- A dictionary of medical eponyms

Franz von Leydig

Born  1821
Died  1908

Related eponyms

German zoologist and comparative anatomist, born May 21, 1821, Rothenburg ob der Tauber; died April 13, 1908, Rothenburg ob der Tauber.

Biography of Franz von Leydig

Franz von Leydig's work on neural tissue influenced the great Norwegian zoologist and polar explorer Fridtjof Nansen (1861-1931) who shared with Wilhelm His (1841-1904) and Auguste-Henri Forel (1848-1931) priority in establishing the anatomical entity of the nerve cell.

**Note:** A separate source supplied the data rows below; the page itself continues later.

theorem mainTheorem5:
  fixes D :: nat
  assumes "D \<ge> 1"
  shows "competitive_on_path D double (4 - 2 powr (1 - real D / 2))"
proof -
  have ratio: "4 - 2 powr (1 - real D / 2) = depth_factor D + 2"
    by (simp add: depth_factor_def)
  show ?thesis
    unfolding competitive_on_path_def ratio
  proof (intro allI impI)
    fix c rs assume "valid_instance D c rs"
    then interpret double_run D c rs by unfold_locales
    show "feasible D rs (double c rs) \<and> (\<forall>sch. feasible D rs sch \<longrightarrow>
        sched_cost c (double c rs) \<le> (depth_factor D + 2) * sched_cost c sch)"
      using feasible_double cost_double_le by blast
  qed
qed

end
definition dual_ideals :: "('h::chilbert \<Rightarrow> 'h) set \<Rightarrow> ('h \<Rightarrow> 'h) set set" where
  "dual_ideals R = {J. J \<subseteq> projections R \<and> J \<noteq> {} \<and> zero_op \<notin> J
      \<and> (\<forall>P\<in>J. \<forall>Q\<in>J. proj_meet R P Q \<in> J)
      \<and> (\<forall>P\<in>J. \<forall>Q\<in>projections R. proj_le P Q \<longrightarrow> Q \<in> J)}"

definition dual_ideals_at :: "('h::chilbert \<Rightarrow> 'h) set \<Rightarrow> ('h \<Rightarrow> 'h) \<Rightarrow> ('h \<Rightarrow> 'h) set set" where
  "dual_ideals_at R P = {J \<in> dual_ideals R. P \<in> J}"

text \<open>Right-continuous spectral resolution (Kadison--Ringrose, Thm. 5.2.2): E^A_\<lambda> is the
  largest projection E in R commuting with A such that AE \<le> \<lambda>E.\<close>
definition spectral_proj :: "('h::chilbert \<Rightarrow> 'h) set \<Rightarrow> ('h \<Rightarrow> 'h) \<Rightarrow> real \<Rightarrow> ('h \<Rightarrow> 'h)" where
  "spectral_proj R A lam = (THE E. E \<in> projections R \<and> A \<circ> E = E \<circ> A
      \<and> (\<forall>x. Re (cinner (A (E x)) x) \<le> lam * Re (cinner (E x) x))
      \<and> (\<forall>F\<in>projections R. A \<circ> F = F \<circ> A
            \<and> (\<forall>x. Re (cinner (A (F x)) x) \<le> lam * Re (cinner (F x) x)) \<longrightarrow> proj_le F E))"

definition f_obs :: "('h::chilbert \<Rightarrow> 'h) set \<Rightarrow> ('h \<Rightarrow> 'h) \<Rightarrow> ('h \<Rightarrow> 'h) set \<Rightarrow> real" where
  "f_obs R A J = Inf {lam. spectral_proj R A lam \<in> J}"

end

theory Submission
  imports Defs
begin

text \<open>For bounded \<open>A\<close> the quadratic form \<open>Re \<langle>Ax, x\<rangle>\<close> lies between \<open>-K |x|\<^sup>2\<close> and \<open>K |x|\<^sup>2\<close>,
  so the spectral projection \<open>E\<^sub>\<lambda>\<close> is \<open>0\<close> for \<open>\<lambda> < -K\<close> and \<open>1\<close> for \<open>\<lambda> \<ge> K\<close>. Hence for every
  dual ideal \<open>J\<close> the set \<open>{\<lambda>. E\<^sub>\<lambda> \<in> J}\<close> contains \<open>K\<close> and is bounded below by \<open>-K\<close>, and
  \<open>f\<^sub>A(J) \<le> \<lambda>\<close> whenever \<open>E\<^sub>\<lambda> \<in> J\<close>. Choosing \<open>\<lambda>\<^sub>1 < f\<^sub>A(J\<^sub>0) + \<epsilon>\<close> with \<open>E\<^sub>\<lambda>\<^sub>1 \<in> J\<^sub>0\<close>, the
  projection \<open>P = E\<^sub>\<lambda>\<^sub>1\<close> does the job.\<close>

lemma cinner_zero_left [simp]: "cinner (0::'a::chilbert) y = 0"
proof -
  have "cinner (0 + 0::'a) y = cinner 0 y + cinner 0 y" by (rule cinner_add_left)
  then show ?thesis by simp
qed

lemma cinner_zero_right [simp]: "cinner (x::'a::chilbert) 0 = 0"
  by (metis cinner_zero_left cinner_commute complex_cnj_zero)

lemma cinner_add_right: "cinner (x::'a::chilbert) (y + z) = cinner x y + cinner x z"
  by (metis cinner_add_left cinner_commute complex_cnj_add)

lemma cinner_diff_left: "cinner ((x::'a::chilbert) - y) z = cinner x z - cinner y z"
  using cinner_add_left[of "x - y" y z] by simp

lemma cinner_diff_right: "cinner (x::'a::chilbert) (y - z) = cinner x y - cinner x z"
  by (metis cinner_diff_left cinner_commute complex_cnj_diff)

lemma cinner_scaleC_right: "cinner (x::'a::chilbert) (scaleC a y) = a * cinner x y"
  by (metis cinner_commute cinner_scaleC_left complex_cnj_cnj complex_cnj_mult)

lemma scaleC_zero_right [simp]: "scaleC a (0::'a::chilbert) = 0"
proof -
  have "scaleC a (0 + 0::'a) = scaleC a 0 + scaleC a 0" by (rule scaleC_add_right)
  then show ?thesis by simp
qed

lemma Re_cinner_self_nonneg: "0 \<le> Re (cinner (x::'a::chilbert) x)"
  using cinner_self_nonneg by blast

lemma Re_cinner_self_eq_0: "Re (cinner (x::'a::chilbert) x) = 0 \<longleftrightarrow> x = 0"
  using cinner_self_nonneg[of x] cinner_self_eq_0[of x] by (auto simp: complex_eq_iff)

lemma cnorm_nonneg: "0 \<le> cnorm (x::'a::chilbert)"
  by (simp add: cnorm_def Re_cinner_self_nonneg)

lemma Re_cinner_self_eq_cnorm_sq: "Re (cinner (x::'a::chilbert) x) = (cnorm x)\<^sup>2"
  unfolding cnorm_def using Re_cinner_self_nonneg[of x] by simp

lemma Re_cinner_self_add_scaleC:
  fixes u v :: "'a::chilbert"
  shows "Re (cinner (u + scaleC (of_real s) v) (u + scaleC (of_real s) v))
    = Re (cinner u u) + 2 * s * Re (cinner u v) + s\<^sup>2 * Re (cinner v v)"
proof -
  have "cinner (u + scaleC (of_real s) v) (u + scaleC (of_real s) v)
     = cinner u u + of_real s * cinner u v + of_real s * cinner v u + of_real s * of_real s * cinner v v"
    by (simp add: cinner_add_left cinner_add_right cinner_scaleC_right cinner_scaleC_left algebra_simps)
  moreover have "Re (cinner v u) = Re (cinner u v)" by (subst cinner_commute) simp
  ultimately show ?thesis by (simp add: power2_eq_square)
qed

One of three children, Leydig was the only son of Melchior Leydig, a Catholic and a minor public official, and his wife Margareta, a Protestant. Leydig shared his father’s religion as well as his hobbies, the older Leydig being a keen gardener and beekeeper. Leydig himself later recalled that these childhood interests established his lifelong concern with botany and zoology. At the age of twelve the boy acquired a simple microscope, at which he spent most of his free time.

Leydig studied philosophy in Munich from 1840, medicine in Würzburg from 1842 under Martin Münz (1785-1848), Schenk, and Franz von Rinecker (1811-1883). He received his doctorate in medicine at Würzburg on August 27, 1847, and became an assistant in the department of physiology, teaching also histology and developmental anatomy under Rudolf Albert von Kölliker (1817-1905). He became prosector at the zootomic institution in Würzburg in 1848, qualified as a university lecturer in 1849, and became professor extraordinary on May 9, 1855. In the winter of 1850-1851, Leydig made a trip to Sardinia, where he became aware of the rich marine life that was to become the subject of some of his most important researches. This journey, coupled with his early preoccupation with microscopy, determined the course of his life’s work.

In 1857 Leydig was appointed full professor of zoology and comparative anatomy at the University of Tübingen and published his Lehrbuch der Histologie des Menschen und der Tiere, his outstanding contribution to morphology. In his introduction to the Lehrbuch, Leydig reviewed the crucial developments in the history of histology, including the discovery and definition of the cell by Jan Evangelista Purkyne 1797-1869), Gabriel Gustav Valentin (1810-1883), and Theodor Ambrose Hubert Schwann (1810-1882), the last of whom described it as a vesicle containing a nucleus in 1839. Leydig paid further tribute to other contemporary anatomists, particularly Johannes Peter Müller (1801-1858) for his work on glands and for the emphasis that he properly placed upon the significance of the cellular doctrine for pathology. Leydig’s book was published at about the same time as other general treatments of similar subjects - most notably Kölliker’s Handbuch der Gewebelehre des Menschen (1852) and Joseph von Gerlach’s (1820-1896) Handbuch der allgemeinen und speciellen Gewebelehre des menschlichen Körpers . . . (1848). The Lehrbuch, however, gives the best account of the rapid growth of comparative microscopical anatomy in the two decades following Schwann’s discoveries.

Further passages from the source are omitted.